Casini (UDC): Decisivi i valori per le eventuali alleanzeL’intervista ad ‘Avvenire’ del leader Udc, Pier Ferdinando Casini.
«Decidere oggi tra Pd e Pdl? Mi sembra fuorviante. In Parlamento continueremo il ruolo di opposizione che ci hanno assegnato due milioni e centomila elettori».
Pier Ferdinando Casini ha chiuso ieri a Todi il seminario di Liberal e ora traccia in un’intervista il percorso dell’Udc per i prossimi mesi. La bussola per il partito, che lavora per allargare l’area di centro, è rappresentata dai valori. «Saranno decisivi» ha spiegato Casini, anche nella scelta delle eventuali alleanze. «Vedremo in Parlamento se, come ed eventualmente con chi costruire convergenze».

Le alleanze? Non abbiamo la vocazione a stare all’opposizione a vita ma decidere oggi tra Pdl o Pd mi sembra fuorviante. Vedremo in Parlamento se, come e, eventualmente, con chi costruire convergenze sii valori e programmi».
Il leader dell’Udc Pier Ferdinando Casini, che ha chiuso ieri il seminario di Liberal sul bipolarismo inesistente , non intende sbilanciarsi sulla futura collocazione del suo partito.

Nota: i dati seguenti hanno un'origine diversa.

theorem mainTheorem11:
  fixes K Kx :: "real \<Rightarrow> real \<Rightarrow> real"
    and C c :: real
    and J :: "real set"
    and \<omega> \<mu> :: "real measure"
  assumes K_bound: "\<And>x y. x \<noteq> y \<Longrightarrow> \<bar>K x y\<bar> \<le> C / \<bar>x - y\<bar>"
    and K_deriv: "\<And>x y. x \<noteq> y \<Longrightarrow> ((\<lambda>t. K t y) has_real_derivative Kx x y) (at x)"
    and Kx_lower: "\<And>x y. x \<noteq> y \<Longrightarrow> Kx x y \<ge> c / (x - y)\<^sup>2"
    and c_pos: "c > 0"
    and K_meas: "\<And>x. (\<lambda>y. K x y) \<in> borel_measurable borel"
    and J_int: "is_interval J" and J_bdd: "bounded J"
    and \<omega>_sets: "sets \<omega> = sets borel"
    and \<omega>J_pos: "emeasure \<omega> J > 0" and \<omega>J_fin: "emeasure \<omega> J < \<infinity>"
    and \<mu>_sets: "sets \<mu> = sets borel"
    and \<mu>_fin: "finite_measure \<mu>"
    and supp: "msupport \<mu> \<inter> closure J = {}"
  shows "(LINT x:J|\<omega>. (LINT z:J|\<omega>. ((\<integral>y. K x y \<partial>\<mu>) - (\<integral>y. K z y \<partial>\<mu>))\<^sup>2))
      \<ge> c\<^sup>2 / 8 * (poissonP J \<mu> / intlen J)\<^sup>2 * measure \<omega> J *
         (LINT x:J|\<omega>. (x - (LINT t:J|\<omega>. t) / measure \<omega> J)\<^sup>2)"
proof -
  define A where "A = c * (poissonP J \<mu> / intlen J)"
  note T = kernel_transform_mono_expanding[OF K_bound K_deriv Kx_lower less_imp_le[OF c_pos] K_meas
      J_int J_bdd \<mu>_fin \<mu>_sets supp]
  have "0 \<le> A"
    unfolding A_def intlen_def using c_pos poissonP_nonneg by simp
  have "0 < measure \<omega> J"
    using \<omega>J_pos \<omega>J_fin by (simp add: measure_def enn2real_positive_iff)
  from set_double_integral_sq_diff_ge[OF \<omega>_sets this \<omega>J_fin real_interval_borel_measurable[OF J_int]
      J_bdd borel_measurable_mono_on_fnc[OF T(1)] T(2) \<open>0 \<le> A\<close> T(3)[folded A_def]]
  have main: "2 * A\<^sup>2 * (measure \<omega> J * (LINT x:J|\<omega>. (x - (LINT t:J|\<omega>. t) / measure \<omega> J)\<^sup>2))
      \<le> (LINT x:J|\<omega>. LINT z:J|\<omega>. ((\<integral>y. K x y \<partial>\<mu>) - (\<integral>y. K z y \<partial>\<mu>))\<^sup>2)"
    by (simp add: mult.assoc)
  have "0 \<le> measure \<omega> J * (LINT x:J|\<omega>. (x - (LINT t:J|\<omega>. t) / measure \<omega> J)\<^sup>2)"
    by (auto simp: set_lebesgue_integral_def intro!: integral_nonneg_AE)
  moreover have "2 * A\<^sup>2 = 16 * (c\<^sup>2 / 8 * (poissonP J \<mu> / intlen J)\<^sup>2)"
    unfolding A_def power_mult_distrib by simp
  then have "c\<^sup>2 / 8 * (poissonP J \<mu> / intlen J)\<^sup>2 \<le> 2 * A\<^sup>2"
    by simp
  ultimately show ?thesis
    using main mult_right_mono by (fastforce simp: mult.assoc)
qed
(* Let $K\subseteq L$ be an algebraic field extension, let $A$ be a PvMD with quotient field $K$, and let $B\supseteq A$ be an integrally closed essential domain with quotient field $L$. Suppose that $B$ admits an essential representation $\mathcal V$ such that for every $V\in\mathcal V$ the center $\mathfrak m_V\cap A$ of $V$ in $A$ (where $\mathfrak m_V$ is the maximal ideal of $V$) is a $t$-ideal of $A$. Then $B$ is a PvMD.
   Context: All rings are commutative with identity. For an integral domain $D$ with quotient field $F$ and nonzero fractional ideal $I$: $(D:I)=\{x\in F:xI\subseteq D\}$, $I^v=(D:(D:I))$, $I^t=\bigcup\{J^v:J\subseteq I \text{ finitely generated}\}$; $I$ is a $t$-ideal if $I=(0)$ or $I=I^t$; $t$-maximal ideals are $t$-ideals maximal among proper $t$-ideals. $D$ is a PvMD if $D_{\mathfrak m}$ is a valuation domain for all $t$-maximal $\mathfrak m$. A valuation overring of $D$ is essential if it equals $D_{\mathfrak p}$ for a prime $\mathfrak p$ of $D$; an essential representation of $D$ is a family of essential valuation overrings with intersection $D$; $D$ is essential if it has one. *)

theory Defs
  imports "HOL-Computational_Algebra.Polynomial"
begin

text \<open>Convention: all domains are realised as subrings of an ambient field type 'a.
  A domain D with quotient field F is a subring D of the subfield F with
  F = {a/b | a, b in D, b nonzero}.\<close>

definition subring :: "'a::field set \<Rightarrow> bool" where
  "subring D \<longleftrightarrow> 0 \<in> D \<and> 1 \<in> D \<and> (\<forall>x\<in>D. \<forall>y\<in>D. x + y \<in> D \<and> x - y \<in> D \<and> x * y \<in> D)"
lemma cycle_decomp_permutes: "cycle_decomp I p \<Longrightarrow> p permutes I \<and> finite I"
proof (induction rule: cycle_decomp.induct)
  case empty
  then show ?case
    by (auto simp: permutes_def)
next
  case (comp I p cs)
  have "cycle_of_list cs permutes (set cs \<union> I)"
    by (rule permutes_subset[OF cycle_permutes]) auto
  moreover have "p permutes (set cs \<union> I)"
    by (rule permutes_subset[of p I]) (use comp.IH in auto)
  ultimately have "cycle_of_list cs \<circ> p permutes (set cs \<union> I)"
    by (rule permutes_compose[rotated])
  then show ?case
    using comp.IH by (simp add: o_def)
qed

lemma cycle_of_list_support:
  assumes cs: "distinct cs" and "2 \<le> length cs"
  shows "{i. cycle_of_list cs i \<noteq> i} = set cs"
proof
  show "{i. cycle_of_list cs i \<noteq> i} \<subseteq> set cs"
    using id_outside_supp by fastforce
  have "cycle_of_list cs (cs ! k) \<noteq> cs ! k" if "k < length cs" for k
  proof -
    have "(k + 1) mod length cs \<noteq> k" "(k + 1) mod length cs < length cs"
      using assms(2) that by (auto simp: Suc_le_eq mod_Suc)
    then show ?thesis
      using cycle_of_list_nth[OF cs that] cs that by (simp add: nth_eq_iff_index_eq)
  qed
  then show "set cs \<subseteq> {i. cycle_of_list cs i \<noteq> i}"
    by (auto simp: in_set_conv_nth)
qed

definition arc_perms :: "nat \<Rightarrow> (nat \<Rightarrow> nat \<Rightarrow> bool) \<Rightarrow> (nat \<Rightarrow> nat) set" where
  "arc_perms n Ar = {p. p permutes {0..<n} \<and> (\<forall>i. p i \<noteq> i \<longrightarrow> Ar i (p i))}"

lemma arc_perms_support_subset:
  "p \<in> arc_perms n Ar \<Longrightarrow> {i. p i \<noteq> i} \<subseteq> {0..<n}"
  by (auto simp: arc_perms_def dest: permutes_not_in)

lemma finite_arc_perms: "finite (arc_perms n Ar)"
  by (rule finite_subset[OF _ finite_permutations[of "{0..<n}"]]) (auto simp: arc_perms_def)

lemma Delta2_cycle_weight:
  assumes D: "Delta2 n Ar \<sigma>" and cs: "distinct cs"
    and arcs: "\<And>i. cycle_of_list cs i \<noteq> i \<Longrightarrow> Ar i (cycle_of_list cs i)"
  shows "sign (cycle_of_list cs) * (\<Prod>i\<in>{i. cycle_of_list cs i \<noteq> i}. - \<sigma> i (cycle_of_list cs i)) = 1"
proof (cases "length cs \<ge> 2")
  case False
  then have "cycle_of_list cs = id"
    by (cases cs rule: cycle_of_list.cases) auto
  then show ?thesis
    by simp
next
  case True
  let ?c = "cycle_of_list cs" and ?m = "length cs"
  have supp: "{i. ?c i \<noteq> i} = set cs"
    using cycle_of_list_support[OF cs True] .
  have arc: "Ar (cs ! k) (cs ! ((k + 1) mod ?m))" if "k < ?m" for k
  proof -
    have "?c (cs ! k) \<noteq> cs ! k"
      using supp nth_mem[OF that] by blast
    then show ?thesis
      using arcs cycle_of_list_nth[OF cs that] by metis
  qed
  have "set cs \<subseteq> {0..<n}"
    using arc D True by (force simp: in_set_conv_nth Delta2_def sidigraph_def)
  then have "directed_cycle n Ar cs"
    unfolding directed_cycle_def using True cs arc by auto
  then have negative: "cycle_sign \<sigma> cs = -1"
    using D by (simp add: Delta2_def)
  have "set cs = (!) cs ` {..<?m}" "inj_on ((!) cs) {..<?m}"
    using cs by (auto simp: in_set_conv_nth inj_on_def nth_eq_iff_index_eq)
  then have "(\<Prod>i\<in>set cs. - \<sigma> i (?c i)) = (\<Prod>k<?m. - \<sigma> (cs ! k) (?c (cs ! k)))"
    by (simp add: prod.reindex)
  also have "\<dots> = (-1) ^ ?m * cycle_sign \<sigma> cs"
    unfolding cycle_sign_def using cycle_of_list_nth[OF cs] by (simp add: prod_uminus)
  finally have "(\<Prod>i\<in>set cs. - \<sigma> i (?c i)) = - ((-1) ^ ?m)"
    using negative by simp
  moreover obtain j where "?m = Suc j"
    using True by (cases ?m) auto
  ultimately show ?thesis
    by (simp add: supp sign_cycle_of_list[OF cs] flip: power_add mult_2)
qed
(* Let $A=\{\mathbf{a}_1,\dots,\mathbf{a}_m\}\subset\mathbb{Z}^n$ be such that $\mathbb{N}A$ is an affine semigroup, and let $E_1,E_2$ be nonempty disjoint subsets of $\{1,\dots,m\}$ with $E_1\cup E_2=\{1,\dots,m\}$. If $\mathbb{N}A$ is the gluing of $\mathbb{N}A^{E_1}$ and $\mathbb{N}A^{E_2}$, then $\sigma=\mathrm{pos}_{\mathbb{Q}}(A)$ is the direct sum $\sigma_{E_1}\oplus\sigma_{E_2}$, i.e. there is $\mathbf{a}\in\sigma_{E_1}\cap\sigma_{E_2}$ with $\mathrm{span}_{\mathbb{Q}}(\sigma_{E_1})\cap\mathrm{span}_{\mathbb{Q}}(\sigma_{E_2})=\mathbb{Q}\mathbf{a}$, and $\sigma=\mathrm{pos}_{\mathbb{Q}}(\sigma_{E_1}\cup\sigma_{E_2})$.
   Context: $\mathbb{N}A=\{\sum n_i\mathbf{a}_i: n_i\in\mathbb{N}\}$. An affine semigroup is a finitely generated subsemigroup $S$ of $\mathbb{Z}^n$ with $S\cap(-S)=\{\mathbf 0\}$. For $E\subset\{1,\dots,m\}$, $A^E=\{\mathbf{a}_i:i\in E\}$ and $\sigma_E=\mathrm{pos}_{\mathbb{Q}}(A^E)$ (nonnegative rational combinations). $\mathbb{N}A$ is the gluing of $\mathbb{N}A^{E_1}$ and $\mathbb{N}A^{E_2}$ if there is a nonzero $\mathbf{a}\in\mathbb{N}A^{E_1}\cap\mathbb{N}A^{E_2}$ with $\mathbb{Z}\mathbf{a}=\mathbb{Z}A^{E_1}\cap\mathbb{Z}A^{E_2}$. *)

theory Defs
  imports "HOL-Analysis.Analysis"
begin

text \<open>Vectors of Z^n are int^'n, vectors of Q^n are rat^'n (the dimension n is the
finite index type 'n). The generators a_1..a_m are a family a :: nat => int^'n on {1..m}.\<close>

definition NA :: "(nat \<Rightarrow> int ^ 'n) \<Rightarrow> nat set \<Rightarrow> (int ^ 'n) set" where
  "NA a E = {\<Sum>i\<in>E. int (c i) *s a i | c. True}"

definition ZA :: "(nat \<Rightarrow> int ^ 'n) \<Rightarrow> nat set \<Rightarrow> (int ^ 'n) set" where
  "ZA a E = {\<Sum>i\<in>E. c i *s a i | c. True}"

definition affine_semigroup :: "(int ^ 'n) set \<Rightarrow> bool" where
  "affine_semigroup S \<longleftrightarrow>
     (\<exists>G. finite G \<and> S = {\<Sum>g\<in>G. int (c g) *s g | c. True}) \<and>
     S \<inter> uminus ` S = {0}"

definition is_gluing :: "(nat \<Rightarrow> int ^ 'n) \<Rightarrow> nat set \<Rightarrow> nat set \<Rightarrow> bool" where
  "is_gluing a E1 E2 \<longleftrightarrow>
     (\<exists>v. v \<noteq> 0 \<and> v \<in> NA a E1 \<inter> NA a E2 \<and>
          {k *s v | k. True} = ZA a E1 \<inter> ZA a E2)"

definition qvec :: "int ^ 'n \<Rightarrow> rat ^ 'n" where
  "qvec v = (\<chi> j. rat_of_int (v $ j))"

definition posQ :: "(rat ^ 'n) set \<Rightarrow> (rat ^ 'n) set" where
  "posQ S = {\<Sum>v\<in>T. c v *s v | T c. finite T \<and> T \<subseteq> S \<and> (\<forall>v\<in>T. c v \<ge> 0)}"

definition spanQ :: "(rat ^ 'n) set \<Rightarrow> (rat ^ 'n) set" where
  "spanQ S = {\<Sum>v\<in>T. c v *s v | T c. finite T \<and> T \<subseteq> S}"

definition sigma :: "(nat \<Rightarrow> int ^ 'n) \<Rightarrow> nat set \<Rightarrow> (rat ^ 'n) set" where
  "sigma a E = posQ ((\<lambda>i. qvec (a i)) ` E)"

end

theory Submission imports Defs begin

(* The rational vectors having a positive integer multiple in Z A^E form a Q-subspace
   containing A^E, so every x in span_Q(A^E) has such a multiple. Hence if x lies in both
   Q-spans, then D1 D2 x lies in Z A^E1 \<inter> Z A^E2 = Z v for some positive integers D1, D2,
   and x lies in Q v; conversely v \<in> N A^Ei \<subseteq> \<sigma>_Ei. The cone identity only uses that
   pos_Q is a closure operator and A = A^E1 \<union> A^E2. *)

lemma posQ_mono: "S \<subseteq> T \<Longrightarrow> posQ S \<subseteq> posQ T"
  unfolding posQ_def by blast

lemma posQ_superset: "S \<subseteq> posQ S"
proof
  fix x assume "x \<in> S"
  then show "x \<in> posQ S"
    unfolding posQ_def by (intro CollectI exI[of _ "{x}"] exI[of _ "\<lambda>_. 1"]) auto
qed

lemma posQ_zero: "0 \<in> posQ S"
  unfolding posQ_def by (intro CollectI exI[of _ "{}"]) auto

lemma posQ_scale:
  assumes "0 \<le> r" "x \<in> posQ S"
  shows "r *s x \<in> posQ S"
proof -
  obtain T c where x: "x = (\<Sum>v\<in>T. c v *s v)" "finite T" "T \<subseteq> S" "\<forall>v\<in>T. 0 \<le> c v"
    using assms(2) unfolding posQ_def by blast
  have "r *s x = (\<Sum>v\<in>T. (r * c v) *s v)"
    unfolding x(1) by (simp add: vec.scale_sum_right)
  with x assms(1) show ?thesis
    unfolding posQ_def by (intro CollectI exI[of _ T] exI[of _ "\<lambda>v. r * c v"]) auto
qed

lemma posQ_add:
  assumes "x \<in> posQ S" "y \<in> posQ S"
  shows "x + y \<in> posQ S"
proof -
  obtain T c where x: "x = (\<Sum>v\<in>T. c v *s v)" "finite T" "T \<subseteq> S" "\<forall>v\<in>T. 0 \<le> c v"
    using assms(1) unfolding posQ_def by blast
  obtain U d where y: "y = (\<Sum>v\<in>U. d v *s v)" "finite U" "U \<subseteq> S" "\<forall>v\<in>U. 0 \<le> d v"
    using assms(2) unfolding posQ_def by blast
  define e where "e v = (if v \<in> T then c v else 0) + (if v \<in> U then d v else 0)" for v
  have "x + y = (\<Sum>v\<in>T \<union> U. e v *s v)"
    using x(1,2) y(1,2) unfolding e_def
    by (simp add: vector_sadd_rdistrib sum.distrib if_distrib[of "\<lambda>r. r *s v" for v]
        sum.If_cases Int_absorb1 Int_absorb2)
  with x y show ?thesis
    unfolding posQ_def by (intro CollectI exI[of _ "T \<union> U"] exI[of _ e]) (auto simp: e_def)
qed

«Per il momento spiega in questa intervista lavoriamo per costruire e rafforzare un’area di centro, capace di andare al di là dell’Udc, mettendo insieme quelle forze del cattolicesimo liberale e della liberaldemocrazia che non si riconoscono in questo sistema politico. In Parlamento continueremo il ruolo di opposizione che ci hanno assegnato due milioni e centomila elettori, nonostante il tentativo di Berlusconi e Veltroni di estrometterci».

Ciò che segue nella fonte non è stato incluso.